Exercise aim. All lines holding the word "lambda" should be located in the records and copied.

** Opening Exercise input block **

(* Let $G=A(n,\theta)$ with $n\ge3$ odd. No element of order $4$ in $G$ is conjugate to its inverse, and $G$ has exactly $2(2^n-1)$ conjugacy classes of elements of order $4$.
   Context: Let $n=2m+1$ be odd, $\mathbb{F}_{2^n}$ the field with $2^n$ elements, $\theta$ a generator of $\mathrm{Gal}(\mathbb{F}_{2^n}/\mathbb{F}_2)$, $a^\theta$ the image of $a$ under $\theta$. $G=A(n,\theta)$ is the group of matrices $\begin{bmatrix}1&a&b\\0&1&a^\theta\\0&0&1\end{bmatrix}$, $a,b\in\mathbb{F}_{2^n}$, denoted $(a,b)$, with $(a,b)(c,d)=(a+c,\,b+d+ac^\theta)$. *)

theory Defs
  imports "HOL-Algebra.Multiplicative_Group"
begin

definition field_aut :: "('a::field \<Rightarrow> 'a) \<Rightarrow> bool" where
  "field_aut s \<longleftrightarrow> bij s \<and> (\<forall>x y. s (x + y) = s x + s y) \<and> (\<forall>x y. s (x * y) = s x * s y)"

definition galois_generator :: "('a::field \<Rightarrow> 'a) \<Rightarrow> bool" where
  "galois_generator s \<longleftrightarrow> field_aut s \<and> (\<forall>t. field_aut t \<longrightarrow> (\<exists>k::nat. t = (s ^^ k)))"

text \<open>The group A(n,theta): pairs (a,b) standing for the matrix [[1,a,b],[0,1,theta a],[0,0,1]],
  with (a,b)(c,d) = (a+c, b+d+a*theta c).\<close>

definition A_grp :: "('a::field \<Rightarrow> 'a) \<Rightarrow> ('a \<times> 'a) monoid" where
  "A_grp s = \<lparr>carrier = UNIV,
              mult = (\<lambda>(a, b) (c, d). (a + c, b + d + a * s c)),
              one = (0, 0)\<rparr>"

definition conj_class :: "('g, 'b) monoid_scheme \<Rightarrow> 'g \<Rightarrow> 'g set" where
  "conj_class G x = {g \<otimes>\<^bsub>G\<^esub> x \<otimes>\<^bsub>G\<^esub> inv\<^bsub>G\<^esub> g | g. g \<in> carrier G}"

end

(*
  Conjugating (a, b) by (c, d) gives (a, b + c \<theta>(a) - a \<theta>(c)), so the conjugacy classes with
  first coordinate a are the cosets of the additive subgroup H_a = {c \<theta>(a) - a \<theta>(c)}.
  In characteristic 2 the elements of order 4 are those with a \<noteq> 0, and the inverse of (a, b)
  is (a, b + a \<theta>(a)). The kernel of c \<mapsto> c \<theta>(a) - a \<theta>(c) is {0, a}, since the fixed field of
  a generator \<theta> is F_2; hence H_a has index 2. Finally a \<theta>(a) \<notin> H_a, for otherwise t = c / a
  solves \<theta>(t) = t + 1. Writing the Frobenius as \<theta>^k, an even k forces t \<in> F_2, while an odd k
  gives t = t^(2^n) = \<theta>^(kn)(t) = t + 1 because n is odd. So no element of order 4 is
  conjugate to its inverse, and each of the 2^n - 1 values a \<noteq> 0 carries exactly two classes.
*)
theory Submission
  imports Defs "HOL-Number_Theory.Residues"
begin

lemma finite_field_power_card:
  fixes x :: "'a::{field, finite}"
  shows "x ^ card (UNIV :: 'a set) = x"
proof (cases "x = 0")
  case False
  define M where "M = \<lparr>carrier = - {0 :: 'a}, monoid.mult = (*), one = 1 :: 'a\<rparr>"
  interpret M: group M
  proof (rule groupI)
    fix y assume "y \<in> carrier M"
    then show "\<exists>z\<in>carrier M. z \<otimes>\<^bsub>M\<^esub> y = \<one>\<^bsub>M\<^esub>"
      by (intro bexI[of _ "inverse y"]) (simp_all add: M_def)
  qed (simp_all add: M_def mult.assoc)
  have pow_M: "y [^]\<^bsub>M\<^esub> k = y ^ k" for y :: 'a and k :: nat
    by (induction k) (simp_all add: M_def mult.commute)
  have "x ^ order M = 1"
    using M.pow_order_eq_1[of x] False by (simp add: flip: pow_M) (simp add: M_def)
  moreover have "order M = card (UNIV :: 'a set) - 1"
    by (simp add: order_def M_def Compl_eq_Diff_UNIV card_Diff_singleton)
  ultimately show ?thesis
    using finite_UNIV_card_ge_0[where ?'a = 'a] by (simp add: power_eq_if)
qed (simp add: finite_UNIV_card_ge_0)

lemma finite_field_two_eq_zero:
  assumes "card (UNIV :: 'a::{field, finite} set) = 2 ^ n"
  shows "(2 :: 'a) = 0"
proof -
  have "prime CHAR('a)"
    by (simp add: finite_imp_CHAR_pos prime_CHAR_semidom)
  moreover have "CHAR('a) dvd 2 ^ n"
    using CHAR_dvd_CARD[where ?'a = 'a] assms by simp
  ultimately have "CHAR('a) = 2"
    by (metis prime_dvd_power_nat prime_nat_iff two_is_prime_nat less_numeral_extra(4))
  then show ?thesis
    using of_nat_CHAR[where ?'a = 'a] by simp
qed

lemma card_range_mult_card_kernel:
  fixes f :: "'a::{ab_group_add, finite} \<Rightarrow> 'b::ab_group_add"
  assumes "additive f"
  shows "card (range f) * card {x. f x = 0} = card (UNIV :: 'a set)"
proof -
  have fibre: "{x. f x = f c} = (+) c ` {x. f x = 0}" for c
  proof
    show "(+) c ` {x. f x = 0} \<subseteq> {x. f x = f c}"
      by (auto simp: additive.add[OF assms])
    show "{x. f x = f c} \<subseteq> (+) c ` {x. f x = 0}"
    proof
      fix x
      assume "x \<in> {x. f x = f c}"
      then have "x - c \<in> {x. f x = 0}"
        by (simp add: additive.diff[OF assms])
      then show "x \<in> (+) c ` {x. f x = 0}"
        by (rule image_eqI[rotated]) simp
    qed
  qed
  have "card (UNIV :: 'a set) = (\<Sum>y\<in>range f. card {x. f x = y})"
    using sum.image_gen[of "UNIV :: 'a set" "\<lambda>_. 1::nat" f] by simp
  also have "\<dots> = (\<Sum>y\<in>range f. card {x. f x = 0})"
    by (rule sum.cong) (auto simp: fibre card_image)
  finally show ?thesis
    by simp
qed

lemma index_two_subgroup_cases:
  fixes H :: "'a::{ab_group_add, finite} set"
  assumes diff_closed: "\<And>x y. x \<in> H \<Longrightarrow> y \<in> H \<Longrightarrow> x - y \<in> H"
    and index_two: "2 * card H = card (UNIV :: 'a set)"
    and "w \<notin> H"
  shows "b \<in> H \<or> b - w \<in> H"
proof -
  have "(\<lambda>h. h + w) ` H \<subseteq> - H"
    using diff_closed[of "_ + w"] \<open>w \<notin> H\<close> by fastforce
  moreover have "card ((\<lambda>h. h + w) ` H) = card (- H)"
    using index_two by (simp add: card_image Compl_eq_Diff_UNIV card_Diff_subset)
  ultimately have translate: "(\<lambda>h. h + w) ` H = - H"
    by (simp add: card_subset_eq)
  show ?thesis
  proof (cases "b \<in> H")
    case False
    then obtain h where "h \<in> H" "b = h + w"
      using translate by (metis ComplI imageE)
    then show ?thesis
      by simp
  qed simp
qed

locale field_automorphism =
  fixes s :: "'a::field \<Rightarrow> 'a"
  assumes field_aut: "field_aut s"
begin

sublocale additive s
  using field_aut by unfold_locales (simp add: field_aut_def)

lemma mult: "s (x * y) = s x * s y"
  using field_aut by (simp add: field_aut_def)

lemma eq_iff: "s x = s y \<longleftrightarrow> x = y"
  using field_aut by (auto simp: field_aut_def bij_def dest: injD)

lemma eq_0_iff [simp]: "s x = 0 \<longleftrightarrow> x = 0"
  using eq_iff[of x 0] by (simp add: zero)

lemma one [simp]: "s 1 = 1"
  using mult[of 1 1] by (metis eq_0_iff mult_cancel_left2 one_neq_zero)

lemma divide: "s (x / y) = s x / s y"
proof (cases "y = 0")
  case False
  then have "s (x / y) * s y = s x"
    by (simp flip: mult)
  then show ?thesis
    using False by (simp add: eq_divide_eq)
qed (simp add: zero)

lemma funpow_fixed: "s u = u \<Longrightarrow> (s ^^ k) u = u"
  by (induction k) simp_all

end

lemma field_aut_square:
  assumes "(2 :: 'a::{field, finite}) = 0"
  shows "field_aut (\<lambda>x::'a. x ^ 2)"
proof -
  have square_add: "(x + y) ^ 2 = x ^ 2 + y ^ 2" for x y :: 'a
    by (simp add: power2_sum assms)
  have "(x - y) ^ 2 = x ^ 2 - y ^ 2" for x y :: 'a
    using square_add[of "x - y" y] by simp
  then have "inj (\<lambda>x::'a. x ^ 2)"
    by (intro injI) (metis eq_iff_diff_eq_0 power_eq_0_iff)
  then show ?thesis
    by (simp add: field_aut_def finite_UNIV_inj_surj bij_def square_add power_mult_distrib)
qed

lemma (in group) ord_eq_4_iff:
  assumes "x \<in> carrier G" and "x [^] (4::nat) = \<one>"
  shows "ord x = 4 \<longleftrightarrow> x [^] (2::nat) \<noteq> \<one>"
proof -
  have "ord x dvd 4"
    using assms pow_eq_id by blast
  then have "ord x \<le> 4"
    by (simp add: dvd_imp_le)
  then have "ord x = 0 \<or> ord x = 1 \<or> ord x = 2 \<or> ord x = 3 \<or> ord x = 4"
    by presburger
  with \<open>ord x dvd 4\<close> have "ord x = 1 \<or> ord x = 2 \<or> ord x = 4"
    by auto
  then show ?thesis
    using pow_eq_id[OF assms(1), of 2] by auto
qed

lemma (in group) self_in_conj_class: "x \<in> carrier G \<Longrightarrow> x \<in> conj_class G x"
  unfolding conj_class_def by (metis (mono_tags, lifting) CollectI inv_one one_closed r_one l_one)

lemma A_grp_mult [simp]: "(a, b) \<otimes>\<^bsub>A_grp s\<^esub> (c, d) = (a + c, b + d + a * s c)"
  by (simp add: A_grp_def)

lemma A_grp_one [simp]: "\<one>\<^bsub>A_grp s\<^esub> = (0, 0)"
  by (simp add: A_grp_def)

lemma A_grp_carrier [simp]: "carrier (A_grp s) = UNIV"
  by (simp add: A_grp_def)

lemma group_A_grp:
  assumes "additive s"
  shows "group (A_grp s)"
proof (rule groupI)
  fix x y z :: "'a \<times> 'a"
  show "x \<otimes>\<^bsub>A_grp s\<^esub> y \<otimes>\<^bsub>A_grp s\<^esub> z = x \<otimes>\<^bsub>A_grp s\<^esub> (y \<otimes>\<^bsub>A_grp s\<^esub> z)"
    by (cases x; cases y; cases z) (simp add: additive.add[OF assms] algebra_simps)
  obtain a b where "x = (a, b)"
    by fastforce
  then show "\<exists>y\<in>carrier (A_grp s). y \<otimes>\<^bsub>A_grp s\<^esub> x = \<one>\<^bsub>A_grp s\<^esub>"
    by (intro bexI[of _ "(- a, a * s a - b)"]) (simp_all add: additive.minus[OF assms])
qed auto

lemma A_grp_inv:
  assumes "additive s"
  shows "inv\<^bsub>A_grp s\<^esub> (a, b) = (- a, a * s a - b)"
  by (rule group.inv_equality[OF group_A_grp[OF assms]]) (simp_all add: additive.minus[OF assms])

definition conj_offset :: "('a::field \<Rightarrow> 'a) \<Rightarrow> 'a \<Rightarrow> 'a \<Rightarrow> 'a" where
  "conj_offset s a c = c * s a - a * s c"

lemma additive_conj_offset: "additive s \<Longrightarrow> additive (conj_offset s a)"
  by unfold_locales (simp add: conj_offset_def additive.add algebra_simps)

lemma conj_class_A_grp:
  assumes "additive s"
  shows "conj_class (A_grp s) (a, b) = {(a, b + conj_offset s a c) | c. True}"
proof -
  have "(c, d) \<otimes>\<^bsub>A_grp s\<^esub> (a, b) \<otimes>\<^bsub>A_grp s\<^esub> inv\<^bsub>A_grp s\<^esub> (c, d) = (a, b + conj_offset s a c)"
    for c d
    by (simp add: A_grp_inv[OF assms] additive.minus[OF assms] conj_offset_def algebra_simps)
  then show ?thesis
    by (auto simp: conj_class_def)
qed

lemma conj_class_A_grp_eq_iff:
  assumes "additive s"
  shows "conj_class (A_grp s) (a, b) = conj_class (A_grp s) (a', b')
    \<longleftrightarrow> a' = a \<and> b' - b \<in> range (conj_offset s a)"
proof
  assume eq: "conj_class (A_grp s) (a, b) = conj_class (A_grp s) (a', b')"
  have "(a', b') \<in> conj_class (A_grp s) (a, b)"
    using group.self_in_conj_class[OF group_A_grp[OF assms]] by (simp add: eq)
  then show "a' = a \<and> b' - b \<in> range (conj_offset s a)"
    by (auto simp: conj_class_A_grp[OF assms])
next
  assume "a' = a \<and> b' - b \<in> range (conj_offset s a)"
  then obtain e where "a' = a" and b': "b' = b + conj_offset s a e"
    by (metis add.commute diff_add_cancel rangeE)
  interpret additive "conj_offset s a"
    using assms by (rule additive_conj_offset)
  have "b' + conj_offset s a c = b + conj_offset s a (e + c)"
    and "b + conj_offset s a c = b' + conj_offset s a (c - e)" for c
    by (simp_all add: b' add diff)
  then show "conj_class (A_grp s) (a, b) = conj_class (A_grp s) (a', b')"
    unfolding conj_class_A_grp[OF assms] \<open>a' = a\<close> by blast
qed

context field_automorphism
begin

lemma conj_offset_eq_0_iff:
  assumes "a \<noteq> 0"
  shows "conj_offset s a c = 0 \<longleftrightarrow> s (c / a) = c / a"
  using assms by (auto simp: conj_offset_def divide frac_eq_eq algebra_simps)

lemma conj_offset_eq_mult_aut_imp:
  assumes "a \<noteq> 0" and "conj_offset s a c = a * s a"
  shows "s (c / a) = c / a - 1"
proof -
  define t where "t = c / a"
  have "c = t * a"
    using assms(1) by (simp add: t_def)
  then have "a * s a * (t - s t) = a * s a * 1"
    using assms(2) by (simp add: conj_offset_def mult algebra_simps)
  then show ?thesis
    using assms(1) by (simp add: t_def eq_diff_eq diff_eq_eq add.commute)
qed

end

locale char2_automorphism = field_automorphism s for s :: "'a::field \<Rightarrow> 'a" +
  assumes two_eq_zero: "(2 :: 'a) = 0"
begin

** Closing Exercise input block **

Solution.
              mult = (\<lambda>(a, b) (c, d). (a + c, b + d + a * s c)),
    using sum.image_gen[of "UNIV :: 'a set" "\<lambda>_. 1::nat" f] by simp
  have "(\<lambda>h. h + w) ` H \<subseteq> - H"
  moreover have "card ((\<lambda>h. h + w) ` H) = card (- H)"
  ultimately have translate: "(\<lambda>h. h + w) ` H = - H"
  shows "field_aut (\<lambda>x::'a. x ^ 2)"
  then have "inj (\<lambda>x::'a. x ^ 2)"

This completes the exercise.